> [What you should do]:
Repeat precisely the span of lines below that opens with the line containing "(absolutely continuous on" and closes with the line containing "(\<forall>x\<in>X. \<forall>y\<in>X. x", both included.

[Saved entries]
......

(* Let $\pi$ be any distribution on $\mathbb{R}^d$ with positive definite covariance matrix $\Sigma$ and precision matrix $Q=\Sigma^{-1}$, partitioned into blocks $Q=(Q_{ij})_{i,j=1}^s$. Then the optimisation problem $$\max_{p\in\Delta_{s-1}}\lambda_{\min}(D_pQ)$$ has a unique solution $p^{\mathrm{opt}}$.
   Context: $\Delta_{s-1}$ is the set of probability vectors $p=(p_1,\dots,p_s)$ with all $p_i>0$. For such $p$, $D_p=\mathrm{diag}(p_1(Q_{11})^{-1},\dots,p_s(Q_{ss})^{-1})$ is the $d\times d$ block-diagonal matrix with diagonal blocks $p_i(Q_{ii})^{-1}$. $\lambda_{\min}$ denotes the smallest eigenvalue (all eigenvalues of $D_pQ$ are real, as $D_pQ$ has the same eigenvalues as the symmetric matrix $\sqrt{Q}D_p\sqrt{Q}$). The quantity $\lambda_{\min}(D_pQ)$ is called the pseudo-spectral gap of RSGS($p$), and its maximiser the pseudo-optimal selection probabilities. *)

theory Defs
  imports "HOL-Analysis.Analysis"
begin

definition pos_def_matrix :: "real^'n^'n \<Rightarrow> bool" where
  "pos_def_matrix Q \<longleftrightarrow> transpose Q = Q \<and> (\<forall>x. x \<noteq> 0 \<longrightarrow> x \<bullet> (Q *v x) > 0)"

definition open_simplex :: "('k::finite \<Rightarrow> real) set" where
  "open_simplex = {p. (\<forall>i. p i > 0) \<and> sum p UNIV = 1}"

text \<open>Block-diagonal part diag(Q_11,...,Q_ss) of Q w.r.t. the partition of the
  coordinates given by blk (coordinate a lies in block blk a).\<close>
definition block_diag_part :: "('n \<Rightarrow> 'k) \<Rightarrow> real^'n^'n \<Rightarrow> real^'n^'n" where
  "block_diag_part blk Q = (\<chi> a b. if blk a = blk b then Q $ a $ b else 0)"

text \<open>D_p = diag(p_1 Q_11^{-1}, ..., p_s Q_ss^{-1}); the inverse of a block-diagonal
  matrix is the block-diagonal matrix of the inverses of its blocks.\<close>
definition D_mat :: "('n \<Rightarrow> 'k) \<Rightarrow> real^'n^'n \<Rightarrow> ('k \<Rightarrow> real) \<Rightarrow> real^'n^'n" where
  "D_mat blk Q p = (\<chi> a b. p (blk a) * (matrix_inv (block_diag_part blk Q)) $ a $ b)"
lemma inv_word_Nil [simp]: "inv_word [] = []"
  by (simp add: inv_word_def)

lemma inv_word_Cons [simp]: "inv_word (a # u) = inv_word u @ [inv_letter a]"
  by (cases a) (simp add: inv_word_def inv_letter_def)

lemma inv_word_append [simp]: "inv_word (u @ v) = inv_word v @ inv_word u"
  by (simp add: inv_word_def)

lemma inv_word_inv_word [simp]: "inv_word (inv_word u) = u"
  by (induction u) auto


lemma equivclp_map:
  assumes "\<And>a b. r a b \<Longrightarrow> equivclp s (f a) (f b)" and "equivclp r a b"
  shows "equivclp s (f a) (f b)"
  using assms(2)
proof (induction rule: equivclp_induct)
  case base
  then show ?case by simp
next
  case (step y z)
  then show ?case using assms(1) by (meson equivclp_sym equivclp_trans)
qed

lemma free_eq_refl [simp]: "free_eq u u"
  by (simp add: free_eq_def)

lemma free_eq_sym: "free_eq u v \<Longrightarrow> free_eq v u"
  by (simp add: free_eq_def equivclp_sym)

lemma free_eq_trans [trans]: "free_eq u v \<Longrightarrow> free_eq v x \<Longrightarrow> free_eq u x"
  unfolding free_eq_def by (rule equivclp_trans)

lemma free_eq_cancel_pair: "free_eq (u @ [a, inv_letter a] @ v) (u @ v)"
  using free_step.intros[of u "fst a" "snd a" v]
  by (simp add: free_eq_def inv_letter_def r_into_equivclp)

lemma free_step_append_cong: "free_step u v \<Longrightarrow> free_step (p @ u @ q) (p @ v @ q)"
proof (induction rule: free_step.induct)
  case (1 u x e v)
  have "free_step ((p @ u) @ [(x, e), (x, \<not> e)] @ (v @ q)) ((p @ u) @ (v @ q))"
    by (rule free_step.intros)
  then show ?case by simp
qed

lemma free_eq_append_cong: "free_eq u v \<Longrightarrow> free_eq (p @ u @ q) (p @ v @ q)"
  unfolding free_eq_def
  by (rule equivclp_map[where f = "\<lambda>x. p @ x @ q"]) (auto intro: free_step_append_cong)

lemma free_eq_append: "free_eq u u' \<Longrightarrow> free_eq v v' \<Longrightarrow> free_eq (u @ v) (u' @ v')"
  using free_eq_append_cong[of u u' "[]" v] free_eq_append_cong[of v v' u' "[]"]
  by (auto intro: free_eq_trans)

lemma free_eq_Cons: "free_eq u v \<Longrightarrow> free_eq (a # u) (a # v)"
  using free_eq_append[of "[a]" "[a]" u v] by simp

lemma free_eq_drop_Nil: "free_eq x [] \<Longrightarrow> free_eq (p @ x @ q) (p @ q)"
  using free_eq_append_cong[of x "[]" p q] by simp

lemma free_eq_append_inv_word: "free_eq (u @ inv_word u) []"
proof (induction u)
  case Nil
  then show ?case by simp
next
  case (Cons a u)
  have "free_eq ([a] @ (u @ inv_word u) @ [inv_letter a]) ([] @ [a, inv_letter a] @ [])"
    using free_eq_drop_Nil[OF Cons, of "[a]" "[inv_letter a]"] by simp
  also have "free_eq \<dots> []"
    using free_eq_cancel_pair[of "[]" a "[]"] by simp
  finally show ?case by simp
qed

lemma free_eq_inv_word_append: "free_eq (inv_word u @ u) []"
  using free_eq_append_inv_word[of "inv_word u"] by simp

lemma free_step_inv_word: "free_step u v \<Longrightarrow> free_step (inv_word u) (inv_word v)"
proof (induction rule: free_step.induct)
  case (1 u x e v)
  have "free_step (inv_word v @ [(x, e), (x, \<not> e)] @ inv_word u) (inv_word v @ inv_word u)"
    by (rule free_step.intros)
  then show ?case by (simp add: inv_letter_def)
qed

lemma free_eq_inv_word: "free_eq u v \<Longrightarrow> free_eq (inv_word u) (inv_word v)"
  unfolding free_eq_def
  by (rule equivclp_map[where f = inv_word]) (auto intro: free_step_inv_word)

lemma free_eq_inv_word_Nil: "free_eq u [] \<Longrightarrow> free_eq (inv_word u) []"
  using free_eq_inv_word by fastforce

lemma free_eq_conj_Nil: "free_eq x [] \<Longrightarrow> free_eq (inv_word c @ x @ c) []"
  using free_eq_drop_Nil[of x "inv_word c" c] free_eq_inv_word_append[of c]
  by (auto intro: free_eq_trans)

lemma free_eq_append_Nil_imp_right: "free_eq (u @ v) [] \<Longrightarrow> free_eq v (inv_word u)"
proof -
  assume uv: "free_eq (u @ v) []"
  have "free_eq v ([] @ (inv_word u @ u) @ v)"
    using free_eq_drop_Nil[OF free_eq_inv_word_append, of "[]" u v] by (simp add: free_eq_sym)
  also have "free_eq \<dots> (inv_word u @ (u @ v) @ [])" by simp
  also have "free_eq \<dots> (inv_word u)"
    using free_eq_drop_Nil[OF uv, of "inv_word u" "[]"] by simp
  finally show ?thesis .
qed

lemma free_eq_append_right_imp: "free_eq (u @ c) v \<Longrightarrow> free_eq u (v @ inv_word c)"
proof -
  assume uc: "free_eq (u @ c) v"
  have "free_eq u (u @ (c @ inv_word c) @ [])"
    using free_eq_drop_Nil[OF free_eq_append_inv_word, of u c "[]"] by (simp add: free_eq_sym)
  also have "\<dots> = (u @ c) @ inv_word c" by simp
  also have "free_eq \<dots> (v @ inv_word c)" by (rule free_eq_append[OF uc free_eq_refl])
  finally show ?thesis .
qed

lemma free_eq_append_Nil_imp_left: "free_eq (u @ v) [] \<Longrightarrow> free_eq u (inv_word v)"
  using free_eq_append_Nil_imp_right[of "inv_word v" "inv_word u"] free_eq_inv_word_Nil[of "u @ v"]
    free_eq_inv_word[of "inv_word u" v]
  by simp

lemma free_eq_Cons_cancel: "free_eq (a # u) (a # v) \<Longrightarrow> free_eq u v"
proof -
  assume "free_eq (a # u) (a # v)"
  then have "free_eq ([] @ [inv_letter a, a] @ u) ([] @ [inv_letter a, a] @ v)"
    using free_eq_Cons by simp
  then show ?thesis
    using free_eq_cancel_pair[of "[]" "inv_letter a"] by (auto intro: free_eq_trans free_eq_sym)
qed

definition push_letter :: "'g \<times> bool \<Rightarrow> 'g word \<Rightarrow> 'g word" where
  "push_letter a z = (case z of [] \<Rightarrow> [a] | b # z' \<Rightarrow> if b = inv_letter a then z' else a # z)"

definition reduce :: "'g word \<Rightarrow> 'g word" where
  "reduce u = foldr push_letter u []"

fun reduced :: "'g word \<Rightarrow> bool" where
  "reduced (a # b # u) \<longleftrightarrow> b \<noteq> inv_letter a \<and> reduced (b # u)"
| "reduced _ \<longleftrightarrow> True"

lemma reduced_tl: "reduced (a # u) \<Longrightarrow> reduced u"
  by (cases u) auto

lemma reduced_push_letter: "reduced z \<Longrightarrow> reduced (push_letter a z)"
  by (cases z) (auto simp: push_letter_def dest: reduced_tl)

lemma push_letter_inv_letter: "reduced z \<Longrightarrow> push_letter (inv_letter a) (push_letter a z) = z"
  by (cases z; cases "tl z") (auto simp: push_letter_def)

lemma reduce_Nil [simp]: "reduce [] = []"
  by (simp add: reduce_def)

lemma reduce_Cons: "reduce (a # u) = push_letter a (reduce u)"
  by (simp add: reduce_def)

lemma reduced_reduce: "reduced (reduce u)"
  by (induction u) (auto simp: reduce_Cons intro: reduced_push_letter)

lemma reduce_reduced: "reduced u \<Longrightarrow> reduce u = u"
proof (induction u)
  case Nil
  then show ?case by simp
next
  case (Cons a u)
  then have "reduce u = u" by (auto dest: reduced_tl)
  then show ?case using Cons.prems by (cases u) (auto simp: reduce_Cons push_letter_def)
qed

lemma free_step_reduce: "free_step u v \<Longrightarrow> reduce u = reduce v"
proof (induction rule: free_step.induct)
  case (1 u x e v)
  have "push_letter (x, e) (push_letter (x, \<not> e) (reduce v)) = reduce v"
    using push_letter_inv_letter[OF reduced_reduce, of "(x, \<not> e)" v] by (simp add: inv_letter_def)
  then show ?case by (simp add: reduce_def)
qed
(* Let $X\subseteq\mathbb{R}$ be an interval (bounded or unbounded) with $[0,1]\subset X$, let $\beta>0$ and $K>0$, and let $a\in C(X)$ satisfy $$\max_{x\in X}a(x)=a(0)>a(1)>0,\qquad \lim_{|x|\to\infty}a(x)=-\infty .$$ Assume that $$\inf_{\phi\in H^1(X)\setminus\{0\}}\mathcal{Q}(\phi)<0,\qquad \mathcal{Q}(\phi):=\frac{\beta\int_X|\phi'(x)|^2\,dx-\int_X a(x)\phi(x)^2\,dx}{\int_X\phi(x)^2\,dx}.$$ Consider the steady-state problem: find $\overline{s}_F:X\to\mathbb{R}$ with $$\beta\,\overline{s}_F''(x)+\Big(a(x)-\frac{\overline{S}_F}{K}\Big)\overline{s}_F(x)=0\ \ (x\in X),\qquad \overline{S}_F:=\int_X\overline{s}_F(x)\,dx,$$ $$\overline{s}_F(\cdot)>0,\qquad 0<\overline{S}_F<\infty,$$ together with zero Neumann boundary conditions at the endpoints of $X$ if $X$ is bounded. Then this problem has a unique solution, given by $$\overline{s}_F(x)=\overline{S}_F\,\psi(x)\quad\text{with}\quad \overline{S}_F=K\int_X a(x)\psi(x)\,dx,$$ where $\psi$ is the positive principal eigenfunction of $\mathcal{L}$ normalised by $\int_X\psi\,dx=1$.
   Context: $\mathcal{L}:=\beta\frac{d^2}{dx^2}+a$ acts on functions on $X$ (with zero Neumann boundary conditions if $X$ is bounded). Its principal eigenpair $(\lambda,\psi)$ satisfies $\mathcal{L}[\psi]=-\lambda\psi$, with $\lambda=\inf_{\phi\in H^1(X)\setminus\{0\}}\mathcal{Q}(\phi)$ simple and $\psi$ the unique positive, smooth eigenfunction associated with $\lambda$, normalised so that $\int_X\psi\,dx=1$. *)

theory Defs
  imports "HOL-Analysis.Analysis"
begin

text \<open>One-dimensional Sobolev space H^1(X), in terms of a representative phi
  (absolutely continuous on compact subintervals of X) together with a weak
  derivative g: phi(y) - phi(x) is the integral of g over [x,y], and both phi and g
  are square integrable on X.\<close>
definition H1_pair :: "real set \<Rightarrow> (real \<Rightarrow> real) \<Rightarrow> (real \<Rightarrow> real) \<Rightarrow> bool" where
  "H1_pair X phi g \<longleftrightarrow>
     (\<forall>x\<in>X. \<forall>y\<in>X. x \<le> y \<longrightarrow> (g has_integral (phi y - phi x)) {x..y}) \<and>
     (\<lambda>x. (phi x)^2) integrable_on X \<and> (\<lambda>x. (g x)^2) integrable_on X"

text \<open>Since a is bounded above, Q(phi) = +infinity whenever a*phi^2 is not integrable;
  such phi do not affect the infimum and are omitted.\<close>
definition rayleigh_values :: "real set \<Rightarrow> real \<Rightarrow> (real \<Rightarrow> real) \<Rightarrow> real set" where
  "rayleigh_values X \<beta> a =
     {(\<beta> * integral X (\<lambda>x. (g x)^2) - integral X (\<lambda>x. a x * (phi x)^2))
        / integral X (\<lambda>x. (phi x)^2) | phi g.
       H1_pair X phi g \<and> (\<lambda>x. a x * (phi x)^2) integrable_on X \<and>
       integral X (\<lambda>x. (phi x)^2) \<noteq> 0}"

definition principal_value :: "real set \<Rightarrow> real \<Rightarrow> (real \<Rightarrow> real) \<Rightarrow> real" where
  "principal_value X \<beta> a = Inf (rayleigh_values X \<beta> a)"

text \<open>Classical (C^2 on X) solution of  beta s'' + (a - c) s = 0  on X, with zero
  Neumann condition at every finite endpoint of X (the boundary points of X):
  s' tends to 0 at such an endpoint (within X).\<close>
definition neumann_sol :: "real set \<Rightarrow> real \<Rightarrow> (real \<Rightarrow> real) \<Rightarrow> real \<Rightarrow> (real \<Rightarrow> real) \<Rightarrow> bool" where
  "neumann_sol X \<beta> a c s \<longleftrightarrow>
     (\<exists>s' s''.
        (\<forall>x\<in>X. (s has_real_derivative s' x) (at x within X) \<and>
                 (s' has_real_derivative s'' x) (at x within X) \<and>
                 \<beta> * s'' x + (a x - c) * s x = 0) \<and>
        (\<forall>e\<in>frontier X. (s' \<longlongrightarrow> 0) (at e within X)))"

definition principal_eigenfunction :: "real set \<Rightarrow> real \<Rightarrow> (real \<Rightarrow> real) \<Rightarrow> (real \<Rightarrow> real) \<Rightarrow> bool" where
  "principal_eigenfunction X \<beta> a psi \<longleftrightarrow>
     neumann_sol X \<beta> a (- principal_value X \<beta> a) psi \<and>
     (\<forall>x\<in>X. psi x > 0) \<and> (\<exists>g. H1_pair X psi g) \<and>
     psi integrable_on X \<and> integral X psi = 1"
section \<open>Large deviations of the walk\<close>

lemma measurable_walk [measurable]: "(\<lambda>q. real_of_int (walk e q a b)) \<in> borel_measurable Pn"
proof -
  have "real_of_int (walk e q a b) = (\<Sum>k\<in>{a..<b}. (if q k < e then 1 else -1 :: real))" for q
    unfolding walk_def walk_incr_def of_int_sum by (intro sum.cong) auto
  then show ?thesis by simp
qed

lemma pred_walk_le [measurable]: "Measurable.pred Pn (\<lambda>q. walk e q a b \<le> z)"
proof -
  have "Measurable.pred Pn (\<lambda>q. real_of_int (walk e q a b) \<le> real_of_int z)" by measurable
  then show ?thesis by simp
qed

lemma pred_walk_less [measurable]: "Measurable.pred Pn (\<lambda>q. z < walk e q a b)"
proof -
  have "Measurable.pred Pn (\<lambda>q. real_of_int z < real_of_int (walk e q a b))" by measurable
  then show ?thesis by simp
qed

lemma pred_walk_ge [measurable]: "Measurable.pred Pn (\<lambda>q. z \<le> n * walk e q a b)"
proof -
  have "Measurable.pred Pn (\<lambda>q. real_of_int z \<le> real_of_int n * real_of_int (walk e q a b))"
    by measurable
  then show ?thesis by (simp only: of_int_mult[symmetric] of_int_le_iff)
qed

lemma walk_eq_up_count: "walk e q a (a + int m) = 2 * int (card {k\<in>{a..<a + int m}. q k < e}) - int m"
proof (induction m)
  case (Suc m)
  let ?U = "{k\<in>{a..<a + int m}. q k < e}"
  have "{a..<a + int (Suc m)} = insert (a + int m) {a..<a + int m}" by auto
  then have "{k\<in>{a..<a + int (Suc m)}. q k < e} = (if q (a + int m) < e then insert (a + int m) ?U else ?U)"
    by auto
  moreover have "finite ?U" by (rule finite_subset[of _ "{a..<a + int m}"]) auto
  moreover have "a + int m \<notin> ?U" by simp
  moreover have "walk e q a (a + int (Suc m)) = walk e q a (a + int m) + walk_incr e (q (a + int m))"
    using walk_snoc[of a "a + int m" e q] by (simp add: ac_simps)
  ultimately show ?case using Suc by (simp add: walk_incr_def)
qed (simp add: walk_def)
lemma expectation_Z: "measure_pmf.expectation (Pu m) (\<lambda>V. real (Zc n m V)) = mean_Z n k m"
proof -
  have "measure_pmf.expectation (Pu m) (\<lambda>V. real (Zc n m V))
      = (\<Sum>x\<in>vecs n. measure_pmf.expectation (Pu m) (\<lambda>V. \<Prod>j<m. of_bool (x \<notin> V j)))"
    by (simp add: Zc_eq_sum_prod integral_sum)
  also have "\<dots> = (\<Sum>x\<in>vecs n. (1 - p)^m)"
  proof (rule sum.cong)
    fix x assume "x \<in> vecs n"
    thus "measure_pmf.expectation (Pu m) (\<lambda>V. \<Prod>j<m. of_bool (x \<notin> V j)) = (1 - p)^m"
      using expectation_Pu_prod[of "\<lambda>A. of_bool (x \<notin> A)" m] expectation_q0_avoid by simp
  qed simp
  finally show ?thesis by (simp add: card_vecs mean_Z_def)
qed

lemma expectation_Z_squared_le:
  "measure_pmf.expectation (Pu m) (\<lambda>V. (real (Zc n m V))^2) \<le> mean_Z n k m + (mean_Z n k m)^2"
proof -
  have "measure_pmf.expectation (Pu m) (\<lambda>V. (real (Zc n m V))^2)
      = (\<Sum>x\<in>vecs n. \<Sum>y\<in>vecs n.
           measure_pmf.expectation (Pu m) (\<lambda>V. \<Prod>j<m. of_bool (x \<notin> V j) * of_bool (y \<notin> V j)))"
    by (simp add: Zc_eq_sum_prod power2_eq_square sum_product prod.distrib integral_sum)
  also have "\<dots> = (\<Sum>x\<in>vecs n. \<Sum>y\<in>vecs n.
      (measure_pmf.expectation (q0 n k) (\<lambda>A. of_bool (x \<notin> A) * of_bool (y \<notin> A)))^m)"
    by (subst expectation_Pu_prod) auto
  also have "\<dots> \<le> (\<Sum>x\<in>vecs n. \<Sum>y\<in>vecs n. of_bool (x = y) * (1-p)^m + ((1-p)^2)^m)"
  proof (intro sum_mono)
    fix x y assume xy: "x \<in> vecs n" "y \<in> vecs n"
    have "(measure_pmf.expectation (q0 n k) (\<lambda>A. of_bool (x \<notin> A) * of_bool (y \<notin> A)))^m
       \<le> (if x = y then 1 - p else (1 - p)^2)^m"
      by (intro power_mono expectation_q0_avoid_pair_le xy) (simp add: integral_nonneg)
    also have "\<dots> \<le> of_bool (x = y) * (1-p)^m + ((1-p)^2)^m" using p_less_1 by auto
    finally show "(measure_pmf.expectation (q0 n k) (\<lambda>A. of_bool (x \<notin> A) * of_bool (y \<notin> A)))^m
       \<le> of_bool (x = y) * (1-p)^m + ((1-p)^2)^m" .
  qed
  also have "\<dots> = 2^n * ((1-p)^m + 2^n * ((1-p)^2)^m)"
    by (simp add: sum.distrib card_vecs sum.delta)
  also have "\<dots> = mean_Z n k m + (mean_Z n k m)^2"
  proof -
    have "((1-p)^2)^m = ((1-p)^m)^2" by (simp add: power_mult[symmetric] mult.commute)
    thus ?thesis unfolding mean_Z_def by (simp add: power_mult_distrib power2_eq_square algebra_simps)
  qed
  finally show ?thesis .
qed

lemma expectation_Z_deviation_le:
  "measure_pmf.expectation (Pu m) (\<lambda>V. (real (Zc n m V) / mean_Z n k m - 1)^2) \<le> 1 / mean_Z n k m"
proof -
  let ?\<mu> = "mean_Z n k m" and ?E = "measure_pmf.expectation (Pu m)"
  have "?E (\<lambda>V. (real (Zc n m V) / ?\<mu> - 1)^2)
      = ?E (\<lambda>V. (real (Zc n m V))^2) / ?\<mu>^2 - 2 * ?E (\<lambda>V. real (Zc n m V)) / ?\<mu> + 1"
    by (simp add: power2_diff power_divide integral_diff)
  also have "\<dots> \<le> (?\<mu> + ?\<mu>^2) / ?\<mu>^2 - 1"
    using expectation_Z_squared_le[of m] mean_Z_pos[of m]
    by (simp add: expectation_Z divide_right_mono)
  also have "\<dots> = 1 / ?\<mu>"
    using mean_Z_pos[of m] by (simp add: field_simps power2_eq_square)
  finally show ?thesis .
qed

section \<open>The planted distribution\<close>

lemma pmf_q0: "pmf (q0 n k) A = indicator (flats n k) A / F"
  using flats_nonempty[OF k_le_n] by (simp add: q0_def)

......

> [Answer]:
  (absolutely continuous on compact subintervals of X) together with a weak
  derivative g: phi(y) - phi(x) is the integral of g over [x,y], and both phi and g
  are square integrable on X.\<close>
definition H1_pair :: "real set \<Rightarrow> (real \<Rightarrow> real) \<Rightarrow> (real \<Rightarrow> real) \<Rightarrow> bool" where
  "H1_pair X phi g \<longleftrightarrow>
     (\<forall>x\<in>X. \<forall>y\<in>X. x \<le> y \<longrightarrow> (g has_integral (phi y - phi x)) {x..y}) \<and>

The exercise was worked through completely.